The gold, used by the Mexican Indians of those days merely for the production of jewellery and ornaments, to the Conquistadores meant much more than wealth. What mattered to them ﬁrst and foremost was the signiﬁcance of gold in the service of power (cf. Salentiny, 1980). “The people, having survived such enormous dangers and the strains of the long sea voyage,” a chronicle remarked, “wanted to grab the great chance of their lives and to pile as much gold as possible.” (Paczensky 1979: 89) The atrocities they committed in the process were documented from very early on, as for example by the Dominican priest Bartolomé de las Casas (1474–1566).
Even though, between 1503 and 1660, the Spaniards took 185,000 kilograms of gold and 16 million kilograms of silver from the entire continent and brought it to Europe (cf. Galeano 1981: 33) the conquest of the New World in the name of the Spanish crown was not an altogether lasting success. The patrons in the remote territories did not take the raising of taxes all too seriously and were keener on seeing, for instance, the tithes of the smallholders ﬂow into their own pockets.
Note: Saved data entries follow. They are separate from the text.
(* Let $\nu\in\mathbb{C}$ and $\mathrm{Re}(x)<\mathrm{Re}(\nu)$. Let $U$ be a Hankel-type contour in the $t$-plane that starts at $+\infty$ above the real axis, circles the origin counterclockwise, and returns to $+\infty$ below the real axis, such that $t^{-\nu}\big[\frac12(t-\frac1t)+1\big]^x$ vanishes at the endpoints of $U$. Define \[ y_\nu(x)=\int_U t^{-\nu-1}\Big[\frac12\Big(t-\frac1t\Big)+1\Big]^x\,dt . \] Then (i) $y_\nu$ satisfies the delay-difference equations \[ x\,\Delta y_\nu(x-1)+\nu y_\nu(x)-x\,y_{\nu-1}(x-1)=0,\qquad x\,\Delta y_\nu(x-1)-\nu y_\nu(x)+x\,y_{\nu+1}(x-1)=0; \] (ii) $y_\nu$ solves the difference Bessel equation of order $\nu$: \[ x(x-1)\Delta^2y(x-2)+x\Delta y(x-1)+x(x-1)y(x-2)-\nu^2y(x)=0 . \]
   Context: $\Delta$ is the forward difference operator: $\Delta g(x)=g(x+1)-g(x)$, so $\Delta g(x-1)=g(x)-g(x-1)$ and $\Delta^2g=\Delta(\Delta g)$. *)

theory Defs
  imports "HOL-Complex_Analysis.Complex_Analysis"
begin

text \<open>Logarithm with branch cut along the non-negative real axis, argument in (0, 2 pi).
  This is the branch of log t used for t powers along a Hankel contour wrapping the
  positive real axis.\<close>
definition logU :: "complex \<Rightarrow> complex" where
  "logU t = Ln (- t) + \<i> * pi"

definition powU :: "complex \<Rightarrow> complex \<Rightarrow> complex" where
  "powU t a = exp (a * logU t)"

definition wB :: "complex \<Rightarrow> complex" where
  "wB t = (t - 1 / t) / 2 + 1"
The 1542 edict “Encomienda” by the Spanish queen Isabella –“This Encomienda (Recommendation) was the ﬁrst step of colonial exploitation and dealt with the recruitment of forced labour” (Weber 1982: 158) – was repealed in 1784 by the Spanish court and the church put in charge of collecting taxes. With disastrous consequences: the power of the church increased enormously and it became the biggest slaveholder and landowner. The Spanish crown, on the other hand, soon found itself deeply in debt. Spain and Portugal by and by were degraded to the role of middlemen. In 1543 already 65% of the entire royal income went toward the paying back of debts. At the end of the 17th century Spain controlled no more than 5% of the trade with the American continent. The French were in control of about a third of the total volume, followed by the Dutch with a quarter, the Genoese were in charge of more than 20%, the English of 10%, and the rest remained to the Germans (cf. Galeano 1981: 34f.). End result of the Spanish colonial enterprise: because Spain, just like Portugal, was not able to hop on the train of the industrial revolution with the other European nations, the population remained poor. Only the military, the aristocracy and the church proﬁted from this expansion.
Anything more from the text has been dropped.